= TRY IT =
Please copy every line of the records below that holds the word "sqrt".

----- EXERCISE MATERIALS

lemma allee_roots:
  fixes K h w :: real
  defines "N1 \<equiv> ((K - w) + sqrt ((K - w)^2 - 4 * K * (h - w))) / 2"
    and "N2 \<equiv> ((K - w) - sqrt ((K - w)^2 - 4 * K * (h - w))) / 2"
  assumes "0 < K" "w < K" "w < h" "h < (K + w)^2 / (4 * K)"
  shows "N1 + N2 = K - w" and "N1 * N2 = K * (h - w)" and "0 < N2" and "N2 < N1"
proof -
  define D where "D = (K - w)^2 - 4 * K * (h - w)"
  have "h * (4 * K) < (K + w)^2"
    using assms(3,6) by (simp add: pos_less_divide_eq)
  then have "0 < D"
    unfolding D_def by (simp add: power2_eq_square algebra_simps)
  then have "0 < sqrt D" "(sqrt D)^2 = D"
    by simp_all
  have N1: "N1 = ((K - w) + sqrt D) / 2" and N2: "N2 = ((K - w) - sqrt D) / 2"
    unfolding N1_def N2_def D_def by simp_all
  show sum: "N1 + N2 = K - w"
    unfolding N1 N2 by (simp add: field_simps)
  have "N1 * N2 = ((K - w)^2 - (sqrt D)^2) / 4"
    unfolding N1 N2 by (simp add: field_simps power2_eq_square)
  then show prod: "N1 * N2 = K * (h - w)"
    using \<open>(sqrt D)^2 = D\<close> by (simp add: D_def)
  show "N2 < N1"
    unfolding N1 N2 using \<open>0 < sqrt D\<close> by simp
  show "0 < N2"
  proof (rule ccontr)
    assume "\<not> 0 < N2"
    moreover have "0 \<le> N1"
      using sum \<open>\<not> 0 < N2\<close> assms(4) by linarith
    ultimately have "N1 * N2 \<le> 0"
      by (simp add: mult_nonneg_nonpos)
    moreover have "0 < K * (h - w)"
      using assms(3,5) by simp
    ultimately show False
      using prod by linarith
  qed
qed

lemma pp_field_non_hyperbolic_double_root:
  fixes r K h w a b c \<delta> :: real
  assumes "0 < K" "0 < w" "w < K" "h = (K + w)^2 / (4 * K)"
  shows "non_hyperbolic (pp_field r K h w a b c \<delta>) ((K - w) / 2, 0)"
proof -
  define N3 where "N3 = (K - w) / 2"
  have double_root: "N3 + N3 = K - w" "N3 * N3 = K * (h - w)"
    using assms(1,4) by (simp_all add: N3_def field_simps power2_eq_square)
  have "w + N3 = (K + w) / 2"
    by (simp add: N3_def field_simps)
  then have "K \<noteq> 0" "w + N3 \<noteq> 0"
    using assms(1,2) by simp_all
  note root = double_root this
  have "jac11 (pp_field r K h w a b c \<delta>) (N3, 0) = 0"
    using jac11_pp_field_root[OF root] by simp
  then have "jac_eigenvalue (pp_field r K h w a b c \<delta>) (N3, 0) 0"
    by (simp add: jac_eigenvalue_triangular_iff jac21_pp_field_axis)
  then show ?thesis
    unfolding non_hyperbolic_def N3_def[symmetric] using equilibrium_pp_field_root[OF root] by auto
qed

lemma pp_field_saddle_smaller_root:
  fixes r K h w a b c \<delta> N1 N2 :: real
  assumes "0 < r" "0 < K" "0 < w" "0 < b"
    and "N1 + N2 = K - w" "N1 * N2 = K * (h - w)" "0 < N2" "N2 < N1"
    and "c < \<delta> * (b + N2^2) / N2"
  shows "saddle (pp_field r K h w a b c \<delta>) (N2, 0)"
proof -
  have root: "N2 + N1 = K - w" "N2 * N1 = K * (h - w)" "K \<noteq> 0" "w + N2 \<noteq> 0"
    using assms(2,3,5-7) by (simp_all add: ac_simps)
  show ?thesis
  proof (rule saddle_triangularI)
    show "equilibrium (pp_field r K h w a b c \<delta>) (N2, 0)"
      by (rule equilibrium_pp_field_root[OF root])
    show "jac21 (pp_field r K h w a b c \<delta>) (N2, 0) = 0"
      by (rule jac21_pp_field_axis)
    show "jac22 (pp_field r K h w a b c \<delta>) (N2, 0) < 0"
      using predator_growth_rate_neg[OF assms(7,4,9)] by (simp add: jac22_pp_field_axis)
    show "0 < jac11 (pp_field r K h w a b c \<delta>) (N2, 0)"
      using assms(1-3,7,8) by (simp add: jac11_pp_field_root[OF root])
  qed
qed

lemma pp_field_unstable_smaller_root:
  fixes r K h w a b c \<delta> N1 N2 :: real
  assumes "0 < r" "0 < K" "0 < w"
    and "N1 + N2 = K - w" "N1 * N2 = K * (h - w)" "0 < N2" "N2 < N1"
  shows "unstable (pp_field r K h w a b c \<delta>) (N2, 0)"
proof -
  define G where "G N = r * N * (N1 - N) * (N - N2) / (K * (w + N))" for N
  define A B C where "A = - K * w / (r * N1 * N2)" and "B = K * (w + N1) / (r * N1 * (N1 - N2))"
    and "C = K * (w + N2) / (r * N2 * (N1 - N2))"
  \<comment> \<open>A primitive of 1 / G by partial fractions; the term - B ln (N1 - N) makes it diverge at N1.\<close>
  define T where "T N = A * ln N - B * ln (N1 - N) + C * ln (N - N2)" for N
  have "\<not> lyapunov_stable (pp_field r K h w a b c \<delta>) (N2, 0)"
  proof (rule axial_escape_not_lyapunov_stable[where G = G and T = T])
    fix N assume N: "N2 < N" "N < N1"
    then have "w + N \<noteq> 0"
      using assms(3,6) by simp
    then show "pp_field r K h w a b c \<delta> (N, 0) = (G N, 0)"
      using allee_growth_factor[OF assms(4,5)] assms(2) by (simp add: pp_field_Pair G_def)
    have "(T has_real_derivative A / N + B / (N1 - N) + C / (N - N2)) (at N)"
      unfolding T_def using N assms(6) by (auto intro!: derivative_eq_intros simp: divide_inverse)
    moreover have "A / N + B / (N1 - N) + C / (N - N2) = 1 / G N"
      unfolding A_def B_def C_def G_def using N assms
      by (intro allee_time_map_partial_fractions[symmetric]) auto
    moreover have "0 < G N"
      unfolding G_def using N assms by (intro divide_pos_pos mult_pos_pos) auto
    ultimately show "0 < G N \<and> (T has_real_derivative 1 / G N) (at N)"
      by simp
  next
    have "0 < B"
      unfolding B_def using assms by (intro divide_pos_pos mult_pos_pos) auto
    then show "filterlim T at_top (at_left N1)"
      unfolding T_def filterlim_at_left_to_right filterlim_at_right_to_0[of _ _ "- N1"]
      using assms(6,7) by real_asymp
  qed (use assms(7) in simp)
  moreover have "equilibrium (pp_field r K h w a b c \<delta>) (N2, 0)"
    using assms(2-7) by (intro equilibrium_pp_field_root[of N2 N1]) (simp_all add: ac_simps)
  ultimately show ?thesis
    by (simp add: unstable_def)
qed

lemma pp_field_locally_asymptotically_stable_larger_root:
  fixes r K h w a b c \<delta> N1 N2 :: real
  assumes "0 < r" "0 < K" "0 < w" "0 < b"
    and "N1 + N2 = K - w" "N1 * N2 = K * (h - w)" "0 < N2" "N2 < N1"
    and "c < \<delta> * (b + N1^2) / N1"
  shows "locally_asymptotically_stable (pp_field r K h w a b c \<delta>) (N1, 0)"
proof (rule triangular_field_locally_asymptotically_stable)
  fix N P :: real assume "\<bar>N - N1\<bar> < w + N1"
  then have "w + N \<noteq> 0" by linarith
  then have "r * N * (1 - N / K - h / (w + N)) = r * N * ((N1 - N) * (N - N2) / (K * (w + N)))"
    using assms(2) by (simp add: allee_growth_factor[OF assms(5,6)])
  also have "\<dots> = (N - N1) * (- r * N * (N - N2) / (K * (w + N)))"
    by (simp add: algebra_simps)
  finally show "pp_field r K h w a b c \<delta> (N, P)
      = ((N - N1) * (- r * N * (N - N2) / (K * (w + N))) - a * N / (b + N^2) * P,
         (c * N / (b + N^2) - \<delta>) * P)"
    by (simp add: pp_field_Pair left_diff_distrib)
next
  have "0 < b + N^2" for N :: real
    using assms(4) by (simp add: add_pos_nonneg)
  then show "isCont (\<lambda>N. - r * N * (N - N2) / (K * (w + N))) N1"
    and "isCont (\<lambda>N. c * N / (b + N^2) - \<delta>) N1" and "isCont (\<lambda>N. a * N / (b + N^2)) N1"
    using assms by (auto intro!: continuous_intros simp: less_imp_neq[symmetric])
  show "- r * N1 * (N1 - N2) / (K * (w + N1)) < 0"
    using assms by (simp add: divide_neg_pos)
  show "c * N1 / (b + N1^2) - \<delta> < 0"
    using assms by (intro predator_growth_rate_neg) auto
qed (use assms in simp)

theorem theorem6:
  fixes r K h w a b c \<delta> :: real
  defines "F \<equiv> pp_field r K h w a b c \<delta>"
    and "N1 \<equiv> ((K - w) + sqrt ((K - w)^2 - 4 * K * (h - w))) / 2"
    and "N2 \<equiv> ((K - w) - sqrt ((K - w)^2 - 4 * K * (h - w))) / 2"
    and "N3 \<equiv> (K - w) / 2"
  assumes pos: "r > 0" "K > 0" "h > 0" "w > 0" "a > 0" "b > 0" "c > 0" "\<delta> > 0"
    and Kw: "K > w"
    and strong: "h > w"
  shows "(h = (K + w)^2 / (4 * K) \<and> c < \<delta> * (b + N3^2) / N3
            \<longrightarrow> non_hyperbolic F (N3, 0))
       \<and> (h < (K + w)^2 / (4 * K) \<and> c < \<delta> * (b + N1^2) / N1 \<and> c < \<delta> * (b + N2^2) / N2
            \<longrightarrow> locally_asymptotically_stable F (N1, 0) \<and> unstable F (N2, 0) \<and> saddle F (N2, 0))"
proof (intro conjI impI)
  assume "h = (K + w)^2 / (4 * K) \<and> c < \<delta> * (b + N3^2) / N3"
  then show "non_hyperbolic F (N3, 0)"
    unfolding F_def N3_def using pos Kw by (intro pp_field_non_hyperbolic_double_root) auto
next
  assume H: "h < (K + w)^2 / (4 * K) \<and> c < \<delta> * (b + N1^2) / N1 \<and> c < \<delta> * (b + N2^2) / N2"
  note roots = allee_roots[OF pos(2) Kw strong, folded N1_def N2_def, OF conjunct1[OF H]]
  show "locally_asymptotically_stable F (N1, 0)"
    unfolding F_def using pp_field_locally_asymptotically_stable_larger_root[OF pos(1,2,4,6) roots] H by blast
  show "unstable F (N2, 0)"
    unfolding F_def using pp_field_unstable_smaller_root[OF pos(1,2,4) roots] .
  show "saddle F (N2, 0)"
    unfolding F_def using pp_field_saddle_smaller_root[OF pos(1,2,4,6) roots] H by blast
qed

end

----------

= TASK SOLUTION =
  defines "N1 \<equiv> ((K - w) + sqrt ((K - w)^2 - 4 * K * (h - w))) / 2"
    and "N2 \<equiv> ((K - w) - sqrt ((K - w)^2 - 4 * K * (h - w))) / 2"
  then have "0 < sqrt D" "(sqrt D)^2 = D"
  have N1: "N1 = ((K - w) + sqrt D) / 2" and N2: "N2 = ((K - w) - sqrt D) / 2"
  have "N1 * N2 = ((K - w)^2 - (sqrt D)^2) / 4"
    using \<open>(sqrt D)^2 = D\<close> by (simp add: D_def)
    unfolding N1 N2 using \<open>0 < sqrt D\<close> by simp
    and "N1 \<equiv> ((K - w) + sqrt ((K - w)^2 - 4 * K * (h - w))) / 2"
    and "N2 \<equiv> ((K - w) - sqrt ((K - w)^2 - 4 * K * (h - w))) / 2"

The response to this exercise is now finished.